== Task statement ==
Your task is to copy the stretch of lines in the records below that begins with the line containing "h = (\<lambda>\<iota>." and ends with the line containing "integrand is nonnegative, and", exactly as written, with nothing added.

== Dataset records ==
(* Let $m\ge2$ be even, $n\ge2$, and let $g,h\in\mathbb{R}$ with $h\neq0$ and $g/h\notin\mathbb{Z}$. Let $\mathcal{A}$ be the Cauchy-Hankel tensor of order $m$ and dimension $n$ with entries $a_{i_1\cdots i_m}=\frac{1}{g+h(i_1+\cdots+i_m)}$, $i_j\in\{1,\dots,n\}$. Then $\mathcal{A}$ is positive definite if and only if $g+mh>0$ and $g+nmh>0$.
   Context: A tensor $\mathcal{A}$ of even order $m$ is positive definite if $\mathcal{A}x^m=\sum_{i_1,\dots,i_m}a_{i_1\cdots i_m}x_{i_1}\cdots x_{i_m}>0$ for all nonzero $x\in\mathbb{R}^n$. *)

theory Defs
  imports Complex_Main "HOL-Library.FuncSet"
begin

text \<open>A real tensor of order m and dimension n is a function from index tuples
  (i_1,...,i_m) with i_j in {1..n}, represented as maps from {0..<m} to {1..n}
  (extensional, via PiE), to reals. Vectors x in R^n are functions nat => real
  whose relevant coordinates are x 1, ..., x n.\<close>

definition tensor_form :: "nat \<Rightarrow> nat \<Rightarrow> ((nat \<Rightarrow> nat) \<Rightarrow> real) \<Rightarrow> (nat \<Rightarrow> real) \<Rightarrow> real" where
  "tensor_form m n A x =
     (\<Sum>\<iota>\<in>PiE {0..<m} (\<lambda>_. {1..n}). A \<iota> * (\<Prod>j<m. x (\<iota> j)))"

definition positive_definite_tensor :: "nat \<Rightarrow> nat \<Rightarrow> ((nat \<Rightarrow> nat) \<Rightarrow> real) \<Rightarrow> bool" where
  "positive_definite_tensor m n A \<longleftrightarrow>
     (\<forall>x :: nat \<Rightarrow> real. (\<exists>i\<in>{1..n}. x i \<noteq> 0) \<longrightarrow> tensor_form m n A x > 0)"

definition cauchy_hankel :: "nat \<Rightarrow> real \<Rightarrow> real \<Rightarrow> (nat \<Rightarrow> nat) \<Rightarrow> real" where
  "cauchy_hankel m g h = (\<lambda>\<iota>. 1 / (g + h * real (\<Sum>j<m. \<iota> j)))"

end

theory Submission imports Defs "HOL-Computational_Algebra.Polynomial" begin

text \<open>Since \<open>1/c = \<integral>\<^sub>0\<^sup>\<infinity> e\<^sup>-\<^sup>c\<^sup>t dt\<close> for \<open>c > 0\<close>, the form \<open>\<A>x\<^sup>m\<close> equals
  \<open>\<integral>\<^sub>0\<^sup>\<infinity> e\<^sup>-\<^sup>g\<^sup>t (\<Sum>\<^sub>i x\<^sub>i e\<^sup>-\<^sup>h\<^sup>i\<^sup>t)\<^sup>m dt\<close> once all denominators are positive, which is
  the case exactly when \<open>g + mh\<close> and \<open>g + nmh\<close> (the extreme ones) are. For even \<open>m\<close> the
  integrand is nonnegative, and it cannot vanish identically, because
  \<open>\<Sum>\<^sub>i x\<^sub>i e\<^sup>-\<^sup>h\<^sup>i\<^sup>t\<close> is a nonzero polynomial in \<open>e\<^sup>-\<^sup>h\<^sup>t\<close>. Conversely, the unit vectors
  \<open>e\<^sub>1\<close> and \<open>e\<^sub>n\<close> pick out the diagonal entries \<open>1/(g + mh)\<close> and \<open>1/(g + nmh)\<close>.
  The integral is avoided by working with an explicit primitive of the integrand.\<close>

lemma sum_PiE_prod_eq_power:
  fixes f :: "nat \<Rightarrow> 'a :: comm_semiring_1"
  assumes "finite A"
  shows "(\<Sum>\<iota>\<in>PiE {0..<m} (\<lambda>_. A). \<Prod>j<m. f (\<iota> j)) = (\<Sum>i\<in>A. f i) ^ m"
proof -
  have "(\<Prod>j\<in>{0..<m}. \<Sum>i\<in>A. f i) = (\<Sum>\<iota>\<in>PiE {0..<m} (\<lambda>_. A). \<Prod>j\<in>{0..<m}. f (\<iota> j))"
    using assms by (intro prod_sum_PiE) auto
  then show ?thesis by (simp add: lessThan_atLeast0)
qed

lemma tensor_form_unit_vector:
  assumes "c \<in> {1..n}" and "0 < m"
  shows "tensor_form m n A (\<lambda>k. if k = c then 1 else 0) = A (\<lambda>j\<in>{0..<m}. c)"
proof -
  let ?I = "PiE {0..<m} (\<lambda>_. {1..n})"
  let ?diag = "\<lambda>j\<in>{0..<m}. c"
  let ?e = "\<lambda>k. if k = c then 1 else 0 :: real"
  have "(\<Prod>j<m. ?e (\<iota> j)) = 0" if "\<iota> \<in> ?I - {?diag}" for \<iota>
  proof -
    from that have "\<iota> \<noteq> ?diag" "\<iota> \<in> extensional {0..<m}" by (auto simp: PiE_def)
    then obtain j where "j < m" "\<iota> j \<noteq> c"
      by (metis atLeastLessThan_iff extensionalityI restrict_apply' restrict_extensional zero_le)
    then show ?thesis by (auto intro!: prod_zero)
  qed
  then have "(\<Sum>\<iota>\<in>?I - {?diag}. A \<iota> * (\<Prod>j<m. ?e (\<iota> j))) = 0"
    by (intro sum.neutral) simp
  moreover have "?diag \<in> ?I" using assms(1) by auto
  ultimately have "tensor_form m n A ?e = A ?diag * (\<Prod>j<m. ?e (?diag j))"
    unfolding tensor_form_def by (simp add: sum.remove[of _ ?diag] finite_PiE)
  then show ?thesis by simp
qed

lemma exp_sum_primitive_has_derivative:
  fixes y c :: "'a \<Rightarrow> real"
  assumes "\<And>i. i \<in> I \<Longrightarrow> c i \<noteq> 0"
  shows "((\<lambda>T. \<Sum>i\<in>I. y i * ((1 - exp (-(c i * T))) / c i))
           has_real_derivative (\<Sum>i\<in>I. y i * exp (-(c i * T)))) (at T)"
proof (rule DERIV_sum)
  fix i assume "i \<in> I"
  have "((\<lambda>T. y i * ((1 - exp (-(c i * T))) / c i))
          has_real_derivative y i * ((0 - exp (-(c i * T)) * (-(c i))) / c i)) (at T)"
    by (intro DERIV_cmult DERIV_cdivide DERIV_diff DERIV_const DERIV_fun_exp DERIV_minus
        DERIV_cmult_right DERIV_ident) simp
  then show "((\<lambda>T. y i * ((1 - exp (-(c i * T))) / c i))
               has_real_derivative y i * exp (-(c i * T))) (at T)"
    using assms[OF \<open>i \<in> I\<close>] by simp
qed

lemma tendsto_exp_neg_mult_at_top:
  fixes c :: real
  assumes "c > 0"
  shows "((\<lambda>T. exp (-(c * T))) \<longlongrightarrow> 0) at_top"
proof -
  have "filterlim (\<lambda>T. c * T) at_top at_top"
    by (rule filterlim_tendsto_pos_mult_at_top[OF tendsto_const assms filterlim_ident])
  then have "filterlim (\<lambda>T. -(c * T)) at_bot at_top"
    by (simp add: filterlim_uminus_at_top)
  then show ?thesis by (rule filterlim_compose[OF exp_at_bot])
qed

lemma exp_sum_primitive_tendsto:
  fixes y c :: "'a \<Rightarrow> real"
  assumes "\<And>i. i \<in> I \<Longrightarrow> c i > 0"
  shows "((\<lambda>T. \<Sum>i\<in>I. y i * ((1 - exp (-(c i * T))) / c i)) \<longlongrightarrow> (\<Sum>i\<in>I. y i / c i)) at_top"
proof -
  have "c i \<noteq> 0" if "i \<in> I" for i
    using assms[OF that] by simp
  then have "((\<lambda>T. \<Sum>i\<in>I. y i * ((1 - exp (-(c i * T))) / c i)) \<longlongrightarrow> (\<Sum>i\<in>I. y i * ((1 - 0) / c i))) at_top"
    using assms by (intro tendsto_intros tendsto_exp_neg_mult_at_top)
  then show ?thesis by simp
qed

text \<open>The discrete form of \<open>\<integral>\<^sub>0\<^sup>\<infinity> f > 0\<close> for a continuous \<open>f \<ge> 0\<close> with \<open>f(t) \<noteq> 0\<close>.\<close>

lemma sum_div_pos_if_exp_sum_nonneg:
  fixes y c :: "'a \<Rightarrow> real"
  assumes c_pos: "\<And>i. i \<in> I \<Longrightarrow> c i > 0"
    and nonneg: "\<And>T. 0 \<le> (\<Sum>i\<in>I. y i * exp (-(c i * T)))"
    and "0 < t" and nonzero: "(\<Sum>i\<in>I. y i * exp (-(c i * t))) \<noteq> 0"
  shows "(\<Sum>i\<in>I. y i / c i) > 0"
proof (rule ccontr)
  define G where "G T = (\<Sum>i\<in>I. y i * ((1 - exp (-(c i * T))) / c i))" for T
  define F where "F = (\<Sum>i\<in>I. y i / c i)"
  assume "\<not> (\<Sum>i\<in>I. y i / c i) > 0"
  then have "F \<le> 0" by (simp add: F_def)
  have G': "(G has_real_derivative (\<Sum>i\<in>I. y i * exp (-(c i * T)))) (at T)" for T
    unfolding G_def by (rule exp_sum_primitive_has_derivative) (use c_pos in fastforce)
  have mono: "G a \<le> G b" if "a \<le> b" for a b
    using G' nonneg by (intro DERIV_nonneg_imp_nondecreasing[OF that]) blast
  have "G T \<le> F" for T
  proof (rule tendsto_le[OF _ _ tendsto_const])
    show "(G \<longlongrightarrow> F) at_top"
      unfolding G_def F_def using c_pos by (rule exp_sum_primitive_tendsto)
    show "\<forall>\<^sub>F T' in at_top. G T \<le> G T'"
      using eventually_ge_at_top[of T] by eventually_elim (rule mono)
  qed simp
  moreover have "G 0 = 0" by (simp add: G_def)
  ultimately have "G T = 0" if "0 \<le> T" for T
    using mono[OF that] \<open>F \<le> 0\<close> by (metis antisym order_trans)
  then have "(\<Sum>i\<in>I. y i * exp (-(c i * t))) = 0"
    using \<open>0 < t\<close> by (intro DERIV_local_const[OF G', of t t]) (auto simp: abs_less_iff)
  with nonzero show False ..
qed

lemma exp_poly_nonzero_in_interval:
  fixes x :: "nat \<Rightarrow> real" and a b h :: real
  assumes "finite S" and "k \<in> S" and "x k \<noteq> 0" and "h \<noteq> 0" and "a < b"
  shows "\<exists>t\<in>{a<..<b}. (\<Sum>i\<in>S. x i * exp (-(h * real i * t))) \<noteq> 0"
proof (rule ccontr)
  assume "\<not> ?thesis"
  then have vanish: "(\<Sum>i\<in>S. x i * exp (-(h * real i * t))) = 0" if "t \<in> {a<..<b}" for t
    using that by blast
  define q :: "real poly" where "q = (\<Sum>i\<in>S. monom (x i) i)"
  have q_eval: "poly q (exp (-(h * t))) = (\<Sum>i\<in>S. x i * exp (-(h * real i * t)))" for t
  proof -
    have "exp (-(h * real i * t)) = exp (-(h * t)) ^ i" for i
      using exp_of_nat_mult[of i "-(h * t)"] by (simp add: algebra_simps)
    then show ?thesis unfolding q_def by (simp add: poly_sum poly_monom)
  qed
  have "coeff q k = x k" unfolding q_def using assms(1,2) by (simp add: coeff_sum)
  with assms(3) have "q \<noteq> 0" by auto
  then have "finite {z. poly q z = 0}" by (rule poly_roots_finite)
  moreover have "(\<lambda>t. exp (-(h * t))) ` {a<..<b} \<subseteq> {z. poly q z = 0}"
    using vanish q_eval by auto
  ultimately have "finite ((\<lambda>t. exp (-(h * t))) ` {a<..<b})" by (rule finite_subset[rotated])
  moreover have "inj_on (\<lambda>t. exp (-(h * t))) {a<..<b}"
    using assms(4) by (auto simp: inj_on_def)
  ultimately have "finite {a<..<b}" by (rule finite_imageD)
  with infinite_Ioo[OF assms(5)] show False by simp
qed

lemma cauchy_hankel_exp_sum_factor:
  fixes x :: "nat \<Rightarrow> real"
  shows "(\<Sum>\<iota>\<in>PiE {0..<m} (\<lambda>_. {1..n}).
            (\<Prod>j<m. x (\<iota> j)) * exp (-((g + h * real (\<Sum>j<m. \<iota> j)) * T)))
       = exp (-(g * T)) * (\<Sum>i=1..n. x i * exp (-(h * real i * T))) ^ m"
proof -
  have "(\<Prod>j<m. x (\<iota> j)) * exp (-((g + h * real (\<Sum>j<m. \<iota> j)) * T))
        = exp (-(g * T)) * (\<Prod>j<m. x (\<iota> j) * exp (-(h * real (\<iota> j) * T)))" for \<iota> :: "nat \<Rightarrow> nat"
  proof -
    have "-((g + h * real (\<Sum>j<m. \<iota> j)) * T) = -(g * T) + (\<Sum>j<m. -(h * real (\<iota> j) * T))"
      by (simp add: algebra_simps sum_distrib_left sum_distrib_right sum_negf)
    then have "exp (-((g + h * real (\<Sum>j<m. \<iota> j)) * T))
               = exp (-(g * T)) * (\<Prod>j<m. exp (-(h * real (\<iota> j) * T)))"
      by (simp only: exp_add exp_sum[OF finite_lessThan])
    then show ?thesis by (simp add: prod.distrib)
  qed
  then show ?thesis
    by (simp add: sum_distrib_left flip: sum_PiE_prod_eq_power)
qed

lemma affine_pos_between:
  fixes g h s a b :: real
  assumes "a \<le> s" and "s \<le> b" and "g + h * a > 0" and "g + h * b > 0"
  shows "g + h * s > 0"
proof (cases "h \<ge> 0")
  case True
  then have "h * a \<le> h * s" using assms(1) by (intro mult_left_mono)
  with assms(3) show ?thesis by linarith
next
  case False
  then have "h * b \<le> h * s" using assms(2) by (intro mult_left_mono_neg) auto
  with assms(4) show ?thesis by linarith
qed

lemma cauchy_hankel_denominator_pos:
  fixes g h :: real
  assumes "\<iota> \<in> PiE {0..<m} (\<lambda>_. {1..n})"
    and "g + real m * h > 0" and "g + real n * real m * h > 0"
  shows "g + h * real (\<Sum>j<m. \<iota> j) > 0"
proof (rule affine_pos_between)
  have "m * 1 \<le> (\<Sum>j<m. \<iota> j)" "(\<Sum>j<m. \<iota> j) \<le> m * n"
    using sum_mono[of "{..<m}" "\<lambda>_. 1" \<iota>] sum_mono[of "{..<m}" \<iota> "\<lambda>_. n"] assms(1)
    by (auto simp: PiE_def Pi_def)
  then show "real m \<le> real (\<Sum>j<m. \<iota> j)" "real (\<Sum>j<m. \<iota> j) \<le> real m * real n"
    by (metis mult_1_right of_nat_le_iff, metis of_nat_mult of_nat_le_iff)
qed (use assms(2,3) in \<open>simp_all add: algebra_simps\<close>)

lemma positive_definite_cauchy_hankel_diagonal:
  assumes "positive_definite_tensor m n (cauchy_hankel m g h)"
    and "0 < m" and "c \<in> {1..n}"
  shows "g + real m * real c * h > 0"
proof -
  have "0 < tensor_form m n (cauchy_hankel m g h) (\<lambda>k. if k = c then 1 else 0)"
    using assms(1,3) unfolding positive_definite_tensor_def by auto
  also have "\<dots> = 1 / (g + h * (real m * real c))"
    using tensor_form_unit_vector[OF assms(3,2)] by (simp add: cauchy_hankel_def)
  finally show ?thesis by (simp add: zero_less_divide_1_iff algebra_simps)
qed

lemma cauchy_hankel_positive_definite:
  fixes g h :: real
  assumes "even m" and "0 < m" and "h \<noteq> 0"
    and "g + real m * h > 0" and "g + real n * real m * h > 0"
  shows "positive_definite_tensor m n (cauchy_hankel m g h)"
  unfolding positive_definite_tensor_def
proof (intro allI impI)
  fix x :: "nat \<Rightarrow> real"
  assume "\<exists>i\<in>{1..n}. x i \<noteq> 0"
  then obtain k where "k \<in> {1..n}" "x k \<noteq> 0" by blast
  then obtain t where t: "t \<in> {0<..<1}" "(\<Sum>i=1..n. x i * exp (-(h * real i * t))) \<noteq> 0"
    using exp_poly_nonzero_in_interval[of "{1..n}" k x h 0 1] assms(3) by auto
  let ?I = "PiE {0..<m} (\<lambda>_. {1..n})"
  define c where "c \<iota> = g + h * real (\<Sum>j<m. \<iota> j)" for \<iota> :: "nat \<Rightarrow> nat"
  define y where "y \<iota> = (\<Prod>j<m. x (\<iota> j))" for \<iota> :: "nat \<Rightarrow> nat"
  have exp_sum: "(\<Sum>\<iota>\<in>?I. y \<iota> * exp (-(c \<iota> * T)))
                 = exp (-(g * T)) * (\<Sum>i=1..n. x i * exp (-(h * real i * T))) ^ m" for T
    unfolding c_def y_def by (rule cauchy_hankel_exp_sum_factor)
  have "(\<Sum>\<iota>\<in>?I. y \<iota> / c \<iota>) > 0"
  proof (rule sum_div_pos_if_exp_sum_nonneg)
    show "c \<iota> > 0" if "\<iota> \<in> ?I" for \<iota>
      unfolding c_def using that assms(4,5) by (rule cauchy_hankel_denominator_pos)
    show "0 \<le> (\<Sum>\<iota>\<in>?I. y \<iota> * exp (-(c \<iota> * T)))" for T
      unfolding exp_sum using assms(1) by (simp add: zero_le_even_power)
    show "(\<Sum>\<iota>\<in>?I. y \<iota> * exp (-(c \<iota> * t))) \<noteq> 0"
      unfolding exp_sum using t(2) assms(2) by simp
  qed (use t(1) in simp)
  then show "tensor_form m n (cauchy_hankel m g h) x > 0"
    unfolding tensor_form_def cauchy_hankel_def c_def y_def by simp
qed

text \<open>The hypothesis \<open>g/h \<notin> \<int>\<close> only serves to make all entries of the tensor defined.\<close>

theorem theorem5p1:
  fixes m n :: nat and g h :: real
  assumes "even m" and "m \<ge> 2" and "n \<ge> 2"
    and "h \<noteq> 0" and "g / h \<notin> \<int>"
  shows "positive_definite_tensor m n (cauchy_hankel m g h) \<longleftrightarrow>
           (g + real m * h > 0 \<and> g + real n * real m * h > 0)"
proof
  assume "positive_definite_tensor m n (cauchy_hankel m g h)"
  with assms(2,3) show "g + real m * h > 0 \<and> g + real n * real m * h > 0"
    using positive_definite_cauchy_hankel_diagonal[of m n g h 1]
          positive_definite_cauchy_hankel_diagonal[of m n g h n]
    by (simp add: mult.commute)
next
  assume "g + real m * h > 0 \<and> g + real n * real m * h > 0"
  with assms(1,2,4) show "positive_definite_tensor m n (cauchy_hankel m g h)"
    by (intro cauchy_hankel_positive_definite) auto
qed

end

== Task response ==
  "cauchy_hankel m g h = (\<lambda>\<iota>. 1 / (g + h * real (\<Sum>j<m. \<iota> j)))"

end

theory Submission imports Defs "HOL-Computational_Algebra.Polynomial" begin

text \<open>Since \<open>1/c = \<integral>\<^sub>0\<^sup>\<infinity> e\<^sup>-\<^sup>c\<^sup>t dt\<close> for \<open>c > 0\<close>, the form \<open>\<A>x\<^sup>m\<close> equals
  \<open>\<integral>\<^sub>0\<^sup>\<infinity> e\<^sup>-\<^sup>g\<^sup>t (\<Sum>\<^sub>i x\<^sub>i e\<^sup>-\<^sup>h\<^sup>i\<^sup>t)\<^sup>m dt\<close> once all denominators are positive, which is
  the case exactly when \<open>g + mh\<close> and \<open>g + nmh\<close> (the extreme ones) are. For even \<open>m\<close> the
  integrand is nonnegative, and it cannot vanish identically, because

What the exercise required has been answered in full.